*** Material shown ***

(* Fix integers $n,d,k,L\ge1$ and a temperature $s>0$. Consider the $L$-layer linear Transformer acting on $Z_l\in\mathbb{R}^{(d+2k)\times n}$ by $$Z_{l+1}=Z_l+W^V_l Z_l Z_l^\top (W^Q_l)^\top W^K_l Z_l+W^R_l Z_l,$$ with weights $W^V_l,W^Q_l,W^K_l,W^R_l\in\mathbb{R}^{(d+2k)\times(d+2k)}$ and input $Z_0^\top=\begin{bmatrix}B, & \Psi, & 0_{n\times k}\end{bmatrix}$, where $B\in\mathbb{R}^{n\times d}$ is the incidence matrix of a graph and $\Psi=[\psi_1,\dots,\psi_k]\in\mathbb{R}^{n\times k}$ with $\langle\psi_i,\vec 1\rangle=0$ for all $i$. Then there exists a configuration of the weights such that for every connected input graph with $n$ vertices and $d$ edges whose Laplacian $\mathcal{L}=BB^\top$ has largest eigenvalue $\lambda_{\max}$ satisfying $8s\lambda_{\max}\le L$, and for all $i=1,\dots,k$, $$\left\|[Z_L]_{d+k+i}^\top-e^{-s\mathcal{L}}\psi_i\right\|_2\le 2^{-L+8s\lambda_{\max}+1}\|\psi_i\|_2 .$$
   Context: A graph has $n$ vertices and $d$ edges with positive resistances $r_j$; graphs are assumed connected. With an arbitrary orientation of each edge, the incidence matrix $B\in\mathbb{R}^{n\times d}$ has $B_{ij}=-1/\sqrt{r_j}$ if $e_j$ leaves vertex $i$, $+1/\sqrt{r_j}$ if $e_j$ enters vertex $i$, and $0$ otherwise; the Laplacian is $\mathcal{L}=BB^\top$ and $e^{-s\mathcal{L}}$ is the matrix exponential. $[Z]_j$ denotes the $j$-th row of $Z$; $\vec 1$ is the all-ones vector. *)

theory Defs
  imports "Jordan_Normal_Form.Char_Poly"
begin

definition mat_exp :: "real mat \<Rightarrow> real mat" where
  "mat_exp A = mat (dim_row A) (dim_col A)
      (\<lambda>(i,j). (\<Sum>m. (A ^\<^sub>m m) $$ (i,j) / fact m))"

definition vnorm2 :: "real vec \<Rightarrow> real" where
  "vnorm2 v = sqrt (\<Sum>i<dim_vec v. (v $ i)^2)"

(* A graph on vertices {0..<n} with d edges: edge j (j<d) is oriented from
   fst (ed j) to snd (ed j) and has resistance r j > 0. No self-loops. *)
definition wf_graph :: "nat \<Rightarrow> nat \<Rightarrow> (nat \<Rightarrow> nat \<times> nat) \<Rightarrow> (nat \<Rightarrow> real) \<Rightarrow> bool" where
  "wf_graph n d ed r \<longleftrightarrow> (\<forall>j<d. fst (ed j) < n \<and> snd (ed j) < n \<and> fst (ed j) \<noteq> snd (ed j) \<and> r j > 0)"

definition adj :: "nat \<Rightarrow> (nat \<Rightarrow> nat \<times> nat) \<Rightarrow> nat \<Rightarrow> nat \<Rightarrow> bool" where
  "adj d ed u v \<longleftrightarrow> (\<exists>j<d. ed j = (u,v) \<or> ed j = (v,u))"

definition connected_graph :: "nat \<Rightarrow> nat \<Rightarrow> (nat \<Rightarrow> nat \<times> nat) \<Rightarrow> bool" where
  "connected_graph n d ed \<longleftrightarrow> (\<forall>u<n. \<forall>v<n. (adj d ed)\<^sup>*\<^sup>* u v)"

definition incidence :: "nat \<Rightarrow> nat \<Rightarrow> (nat \<Rightarrow> nat \<times> nat) \<Rightarrow> (nat \<Rightarrow> real) \<Rightarrow> real mat" where
  "incidence n d ed r = mat n d (\<lambda>(i,j).
      if fst (ed j) = i then - 1 / sqrt (r j)
      else if snd (ed j) = i then 1 / sqrt (r j) else 0)"

definition laplacian :: "real mat \<Rightarrow> real mat" where
  "laplacian B = B * transpose_mat B"

definition lambda_max :: "real mat \<Rightarrow> real" where
  "lambda_max A = Max {x. eigenvalue A x}"

definition tf_layer :: "real mat \<Rightarrow> real mat \<Rightarrow> real mat \<Rightarrow> real mat \<Rightarrow> real mat \<Rightarrow> real mat" where
  "tf_layer WV WQ WK WR Z =
     Z + WV * Z * transpose_mat Z * transpose_mat WQ * WK * Z + WR * Z"

fun tf_run :: "(nat \<Rightarrow> real mat) \<Rightarrow> (nat \<Rightarrow> real mat) \<Rightarrow> (nat \<Rightarrow> real mat) \<Rightarrow> (nat \<Rightarrow> real mat)
               \<Rightarrow> nat \<Rightarrow> real mat \<Rightarrow> real mat" where
  "tf_run WV WQ WK WR 0 Z = Z"
| "tf_run WV WQ WK WR (Suc l) Z = tf_layer (WV l) (WQ l) (WK l) (WR l) (tf_run WV WQ WK WR l Z)"

definition input_Z0 :: "nat \<Rightarrow> nat \<Rightarrow> nat \<Rightarrow> real mat \<Rightarrow> real mat \<Rightarrow> real mat" where
  "input_Z0 n d k B Psi = mat (d + 2*k) n (\<lambda>(i,j).
      if i < d then B $$ (j,i) else if i < d + k then Psi $$ (j, i - d) else 0)"

end

theory Submission
  imports Defs "Jordan_Normal_Form.Spectral_Radius" "HOL-Analysis.Function_Topology" "HOL-Analysis.L2_Norm"
begin

(* With W_Q = 1 and W_K the projection onto the first d coordinates, the attention term of every
   layer is Z^T W_K Z = B B^T = L, because the first d rows of the state always hold B^T.
   W_V scales the next k rows by -s/(l+1) and W_R cancels them in the residual stream while
   adding them to the last k rows; so after l layers these rows hold (-sL)^l psi_i / l! and the
   Taylor polynomial sum_{m<l} (-sL)^m psi_i / m! of e^{-sL} psi_i.
   The error is the tail of the exponential series. Since L is symmetric positive semidefinite,
   |L x| <= lambda_max |x| (the maximum of the Rayleigh quotient is an eigenvalue), so the tail is
   at most sum_{m>=L} (s lambda_max)^m / m! |psi_i| <= 2^-L e^(2 s lambda_max) |psi_i|,
   and e^2 <= 2^8. *)

section \<open>Euclidean norm and inner product\<close>

lemma vnorm2_eq_sqrt_scalar_prod: "vnorm2 v = sqrt (v \<bullet> v)"
  unfolding vnorm2_def scalar_prod_def by (simp add: power2_eq_square lessThan_atLeast0)

lemma vnorm2_eq_L2_set: "vnorm2 v = L2_set (\<lambda>i. v $ i) {..<dim_vec v}"
  unfolding vnorm2_def L2_set_def by simp

lemma vnorm2_smult: "vnorm2 (c \<cdot>\<^sub>v v) = \<bar>c\<bar> * vnorm2 v"
  unfolding vnorm2_def by (simp add: power_mult_distrib real_sqrt_mult flip: sum_distrib_left)

lemma abs_index_le_vnorm2: "i < dim_vec v \<Longrightarrow> \<bar>v $ i\<bar> \<le> vnorm2 v"
  unfolding vnorm2_def
  by (metis finite_lessThan lessThan_iff member_le_sum real_sqrt_abs real_sqrt_le_mono zero_le_power2)

lemma vnorm2_unit_vec: "i < n \<Longrightarrow> vnorm2 (unit_vec n i) = 1"
  unfolding vnorm2_def by (simp add: unit_vec_def if_distrib[of "\<lambda>x. x^2"] cong: if_cong)

lemma scalar_prod_self_nonneg: "0 \<le> (v :: real vec) \<bullet> v"
  unfolding scalar_prod_def by (auto intro: sum_nonneg)

lemma scalar_prod_self_eq_0: "(v :: real vec) \<bullet> v = 0 \<Longrightarrow> v = 0\<^sub>v (dim_vec v)"
  unfolding scalar_prod_def by (subst (asm) sum_nonneg_eq_0_iff) (auto intro!: eq_vecI)

lemma scalar_prod_vec: "vec n f \<bullet> vec n g = (\<Sum>i<n. f i * g i)"
  unfolding scalar_prod_def lessThan_atLeast0 by simp

lemma smult_mat_mult_vec:
  "A \<in> carrier_mat n n \<Longrightarrow> v \<in> carrier_vec n \<Longrightarrow> (c \<cdot>\<^sub>m A) *\<^sub>v v = c \<cdot>\<^sub>v (A *\<^sub>v v)"
  by (rule eq_vecI) (auto simp: scalar_prod_def sum_distrib_left mult.assoc)

lemma L2_set_scale: "L2_set (\<lambda>i. c * f i) A = \<bar>c\<bar> * L2_set f A"
  unfolding L2_set_def by (simp add: power_mult_distrib real_sqrt_mult flip: sum_distrib_left)

lemma L2_set_suminf_le:
  fixes f :: "nat \<Rightarrow> 'a \<Rightarrow> real"
  assumes "finite I" and sums: "\<And>i. i \<in> I \<Longrightarrow> (\<lambda>m. f m i) sums g i"
    and le: "\<And>m. L2_set (f m) I \<le> h m" and "summable h"
  shows "L2_set g I \<le> suminf h"
proof (rule LIMSEQ_le_const2)
  show "(\<lambda>N. L2_set (\<lambda>i. \<Sum>m<N. f m i) I) \<longlonglongrightarrow> L2_set g I"
    unfolding L2_set_def using sums
    by (intro tendsto_real_sqrt tendsto_sum tendsto_power) (auto simp: sums_def)
  have "0 \<le> h m" for m using le[of m] L2_set_nonneg[of "f m" I] by linarith
  show "\<exists>N0. \<forall>N\<ge>N0. L2_set (\<lambda>i. \<Sum>m<N. f m i) I \<le> suminf h"
  proof (intro exI allI impI)
    fix N
    have "L2_set (\<lambda>i. \<Sum>m<N. f m i) I \<le> (\<Sum>m<N. L2_set (f m) I)"
      by (induction N) (auto simp: L2_set_0' intro: order.trans[OF L2_set_triangle_ineq])
    also have "\<dots> \<le> (\<Sum>m<N. h m)" using le by (intro sum_mono) auto
    also have "\<dots> \<le> suminf h" using \<open>summable h\<close> \<open>\<And>m. 0 \<le> h m\<close> by (intro sum_le_suminf) auto
    finally show "L2_set (\<lambda>i. \<Sum>m<N. f m i) I \<le> suminf h" .
  qed
qed

section \<open>The spectral bound for positive semidefinite matrices\<close>

lemma quadratic_nonneg_imp_discrim_le:
  fixes a b c :: real
  assumes nonneg: "\<And>t. 0 \<le> a * t^2 + b * t + c"
  shows "b^2 \<le> 4 * a * c"
proof -
  have "0 \<le> a"
  proof (rule ccontr)
    assume "\<not> 0 \<le> a"
    define t where "t = (\<bar>b\<bar> + \<bar>c\<bar> + 1) / - a + 1"
    have t: "1 \<le> t" "a * t \<le> - (\<bar>b\<bar> + \<bar>c\<bar> + 1)"
      using \<open>\<not> 0 \<le> a\<close> by (auto simp: t_def field_simps)
    have "a * t^2 + b * t + c = t * (a * t + b) + c" by (simp add: power2_eq_square algebra_simps)
    also have "\<dots> \<le> t * (- (\<bar>c\<bar> + 1)) + c"
      using t by (intro add_right_mono mult_left_mono) auto
    also have "\<dots> < 0"
      using t mult_right_mono[OF t(1), of "\<bar>c\<bar> + 1"] by (simp add: algebra_simps)
    finally have "a * t^2 + b * t + c < 0" .
    with nonneg show False by (meson not_le)
  qed
  show ?thesis
  proof (cases "a = 0")
    case True
    have "b = 0"
    proof (rule ccontr)
      assume "b \<noteq> 0"
      have "0 \<le> b * (- (\<bar>c\<bar> + 1) / b) + c" using nonneg[of "- (\<bar>c\<bar> + 1) / b"] True by simp
      with \<open>b \<noteq> 0\<close> show False by simp
    qed
    with True show ?thesis by simp
  next
    case False
    with \<open>0 \<le> a\<close> have "0 < a" by simp
    have "0 \<le> a * (- b / (2 * a))^2 + b * (- b / (2 * a)) + c" by (rule nonneg)
    also have "\<dots> = (4 * a * c - b^2) / (4 * a)"
      using \<open>0 < a\<close> by (simp add: field_simps power2_eq_square)
    finally show ?thesis using \<open>0 < a\<close> by (simp add: zero_le_divide_iff)
  qed
qed

lemma symmetric_form_swap:
  fixes A :: "real mat"
  assumes A: "A \<in> carrier_mat n n" and sym: "transpose_mat A = A"
    and x: "x \<in> carrier_vec n" and y: "y \<in> carrier_vec n"
  shows "y \<bullet> (A *\<^sub>v x) = x \<bullet> (A *\<^sub>v y)"
  using transpose_vec_mult_scalar[OF A x y] comm_scalar_prod[OF _ x, of "A *\<^sub>v y"] A y sym by simp

lemma symmetric_form_expand:
  fixes A :: "real mat"
  assumes A: "A \<in> carrier_mat n n" and sym: "transpose_mat A = A"
    and x: "x \<in> carrier_vec n" and y: "y \<in> carrier_vec n"
  shows "(x + t \<cdot>\<^sub>v y) \<bullet> (A *\<^sub>v (x + t \<cdot>\<^sub>v y))
    = x \<bullet> (A *\<^sub>v x) + 2 * t * (y \<bullet> (A *\<^sub>v x)) + t^2 * (y \<bullet> (A *\<^sub>v y))"
proof -
  have Ax: "A *\<^sub>v x \<in> carrier_vec n" and Ay: "A *\<^sub>v y \<in> carrier_vec n" using A x y by auto
  have "A *\<^sub>v (x + t \<cdot>\<^sub>v y) = A *\<^sub>v x + t \<cdot>\<^sub>v (A *\<^sub>v y)"
    using A x y by (simp add: mult_add_distrib_mat_vec mult_mat_vec)
  then show ?thesis
    using x y Ax Ay symmetric_form_swap[OF A sym x y]
    by (simp add: add_scalar_prod_distrib[of _ n] scalar_prod_add_distrib[of _ n] power2_eq_square
        algebra_simps)
qed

*** End of Material shown ***

§ What you will do
Give back precisely the lines above that start at the line containing "u v \<longleftrightarrow>" and end at the line containing "adding them to", inclusive. No other lines belong in the output.

§ Exercise output
  "adj d ed u v \<longleftrightarrow> (\<exists>j<d. ed j = (u,v) \<or> ed j = (v,u))"

definition connected_graph :: "nat \<Rightarrow> nat \<Rightarrow> (nat \<Rightarrow> nat \<times> nat) \<Rightarrow> bool" where
  "connected_graph n d ed \<longleftrightarrow> (\<forall>u<n. \<forall>v<n. (adj d ed)\<^sup>*\<^sup>* u v)"

definition incidence :: "nat \<Rightarrow> nat \<Rightarrow> (nat \<Rightarrow> nat \<times> nat) \<Rightarrow> (nat \<Rightarrow> real) \<Rightarrow> real mat" where
  "incidence n d ed r = mat n d (\<lambda>(i,j).
      if fst (ed j) = i then - 1 / sqrt (r j)
      else if snd (ed j) = i then 1 / sqrt (r j) else 0)"

definition laplacian :: "real mat \<Rightarrow> real mat" where
  "laplacian B = B * transpose_mat B"

definition lambda_max :: "real mat \<Rightarrow> real" where
  "lambda_max A = Max {x. eigenvalue A x}"

definition tf_layer :: "real mat \<Rightarrow> real mat \<Rightarrow> real mat \<Rightarrow> real mat \<Rightarrow> real mat \<Rightarrow> real mat" where
  "tf_layer WV WQ WK WR Z =
     Z + WV * Z * transpose_mat Z * transpose_mat WQ * WK * Z + WR * Z"

fun tf_run :: "(nat \<Rightarrow> real mat) \<Rightarrow> (nat \<Rightarrow> real mat) \<Rightarrow> (nat \<Rightarrow> real mat) \<Rightarrow> (nat \<Rightarrow> real mat)
               \<Rightarrow> nat \<Rightarrow> real mat \<Rightarrow> real mat" where
  "tf_run WV WQ WK WR 0 Z = Z"
| "tf_run WV WQ WK WR (Suc l) Z = tf_layer (WV l) (WQ l) (WK l) (WR l) (tf_run WV WQ WK WR l Z)"

definition input_Z0 :: "nat \<Rightarrow> nat \<Rightarrow> nat \<Rightarrow> real mat \<Rightarrow> real mat \<Rightarrow> real mat" where
  "input_Z0 n d k B Psi = mat (d + 2*k) n (\<lambda>(i,j).
      if i < d then B $$ (j,i) else if i < d + k then Psi $$ (j, i - d) else 0)"

end

theory Submission
  imports Defs "Jordan_Normal_Form.Spectral_Radius" "HOL-Analysis.Function_Topology" "HOL-Analysis.L2_Norm"
begin

(* With W_Q = 1 and W_K the projection onto the first d coordinates, the attention term of every
   layer is Z^T W_K Z = B B^T = L, because the first d rows of the state always hold B^T.
   W_V scales the next k rows by -s/(l+1) and W_R cancels them in the residual stream while
   adding them to the last k rows; so after l layers these rows hold (-sL)^l psi_i / l! and the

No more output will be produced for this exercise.